Required work.
Could you show each line of the records that contains the word "commute"?

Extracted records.

lemma companion_rows_bound:
  fixes u :: "nat \<Rightarrow> complex"
  shows "(cmod (\<Sum>j=1..n. dco n a j * u j))^2 + (cmod (\<Sum>j=1..n. cco n a j * u j))^2
      + (cmod (\<Sum>j=1..n. bco n a j * u j))^2 + (cmod (\<Sum>j=1..n. a j * u j))^2
    \<le> (delta1 n a + delta n a + sqrt ((delta1 n a - delta n a)^2 + 4 * delta2 n a)) / 2
      * (\<Sum>j=1..n. (cmod (u j))^2)"
proof -
  have "delta2 n a \<ge> 0"
    unfolding delta2_eq_max_eig2 by (intro max_eig2_nonneg) simp
  then have "max_eig2 (delta1 n a) (delta n a) (sqrt (delta2 n a))
      = (delta1 n a + delta n a + sqrt ((delta1 n a - delta n a)^2 + 4 * delta2 n a)) / 2"
    unfolding max_eig2_def by simp
  moreover have "(cmod (\<Sum>j=1..n. dco n a j * u j))^2 + (cmod (\<Sum>j=1..n. cco n a j * u j))^2
      + (cmod (\<Sum>j=1..n. bco n a j * u j))^2 + (cmod (\<Sum>j=1..n. a j * u j))^2
    \<le> max_eig2 (delta1 n a) (delta n a) (sqrt (delta2 n a)) * (\<Sum>j=1..n. (cmod (u j))^2)"
    unfolding delta_eq_max_eig2 delta1_eq_max_eig2 delta2_eq_max_eig2
      gamma2_def gamma3_def gamma4_def gamma5_def
    by (rule four_rows_bound)
  ultimately show ?thesis
    by (simp only:)
qed

lemma power4_le_of_geometric_tail:
  fixes w R :: real
  assumes "w \<ge> 0" "n \<ge> 1"
    and tail: "w ^ n + w ^ (n + 1) + w ^ (n + 2) + w ^ (n + 3) \<le> R * (\<Sum>k<n. w ^ k)"
  shows "w ^ 4 \<le> R + 1"
proof -
  define U where "U = (\<Sum>k<n. w ^ k)"
  have shift: "(\<Sum>k<m. w ^ (k + 4)) + (1 + w + w^2 + w^3)
      = (\<Sum>k<m. w ^ k) + w^m + w^(m + 1) + w^(m + 2) + w^(m + 3)" for m
    by (induction m) (simp_all add: power_add power2_eq_square power3_eq_cube algebra_simps)
  have "U \<ge> 1"
    unfolding U_def using \<open>n \<ge> 1\<close> \<open>w \<ge> 0\<close>
    by (subst sum.remove[of _ 0]) (auto intro: sum_nonneg)
  have "w ^ 4 * U = (\<Sum>k<n. w ^ (k + 4))"
    unfolding U_def sum_distrib_left by (simp add: power_add mult.commute)
  also have "\<dots> \<le> (\<Sum>k<n. w ^ (k + 4)) + (1 + w + w^2 + w^3)"
    using \<open>w \<ge> 0\<close> by simp
  also have "\<dots> \<le> (R + 1) * U"
    unfolding shift using tail by (simp add: U_def algebra_simps)
  finally show ?thesis
    using \<open>U \<ge> 1\<close> by simp
qed

lemma le_powr_inverse_of_power_le:
  fixes x y :: real
  assumes "x \<ge> 0" "k > 0" "x ^ k \<le> y"
  shows "x \<le> y powr (1 / k)"
proof (cases "x = 0")
  case False
  then have "x = (x ^ k) powr (1 / k)"
    using assms by (simp add: powr_realpow[symmetric] powr_powr)
  also have "\<dots> \<le> y powr (1 / k)"
    using assms by (intro powr_mono2) simp_all
  finally show ?thesis .
qed simp

theorem mainTheorem14:
  fixes n :: nat and a :: "nat \<Rightarrow> complex" and z :: complex
  assumes "n \<ge> 2" and "a 1 \<noteq> 0"
    and "z ^ n + (\<Sum>j=1..n. a j * z ^ (j - 1)) = 0"
  shows "cmod z \<le> ((delta1 n a + delta n a
            + sqrt ((delta1 n a - delta n a)^2 + 4 * delta2 n a)) / 2 + 1) powr (1/8)"
proof -
  note root = assms(3)
  have "n \<ge> 1" using assms(1) by simp
  define w where "w = (cmod z)^2"
  define R where "R = (delta1 n a + delta n a + sqrt ((delta1 n a - delta n a)^2 + 4 * delta2 n a)) / 2"
  have norm_power_z: "(cmod (z ^ k))^2 = w ^ k" for k
    unfolding w_def by (simp add: norm_power power_mult[symmetric] mult.commute)
  have row_norm: "(cmod (\<Sum>j=1..n. rowcoef n a m j * z ^ (j - 1)))^2 = w ^ (m + n - 1)" for m
    unfolding first_row_power_sum[OF root \<open>n \<ge> 1\<close>] norm_power_z ..
  have "(\<Sum>j=1..n. a j * z ^ (j - 1)) = - (z ^ n)"
    using root by (simp add: add_eq_0_iff)
  then have coeff_norm: "(cmod (\<Sum>j=1..n. a j * z ^ (j - 1)))^2 = w ^ n"
    by (simp only: norm_minus_cancel norm_power_z)
  have "w ^ n + w ^ (n + 1) + w ^ (n + 2) + w ^ (n + 3) \<le> R * (\<Sum>j=1..n. w ^ (j - 1))"
    using companion_rows_bound[of n a "\<lambda>j. z ^ (j - 1)"]
    unfolding R_def dco_def cco_def bco_def norm_power_z row_norm coeff_norm
    by (simp add: add.commute add.left_commute)
  also have "(\<Sum>j=1..n. w ^ (j - 1)) = (\<Sum>k<n. w ^ k)"
    by (simp add: sum.atLeast1_atMost_eq)
  finally have "w ^ 4 \<le> R + 1"
    using \<open>n \<ge> 1\<close> by (intro power4_le_of_geometric_tail) (simp_all add: w_def)
  moreover have "cmod z ^ 8 = w ^ 4"
    unfolding w_def by (simp add: power_mult[symmetric])
  ultimately show ?thesis
    using le_powr_inverse_of_power_le[of "cmod z" 8 "R + 1"] unfolding R_def by simp
qed

end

Answer box.
    unfolding U_def sum_distrib_left by (simp add: power_add mult.commute)
    unfolding w_def by (simp add: norm_power power_mult[symmetric] mult.commute)
    by (simp add: add.commute add.left_commute)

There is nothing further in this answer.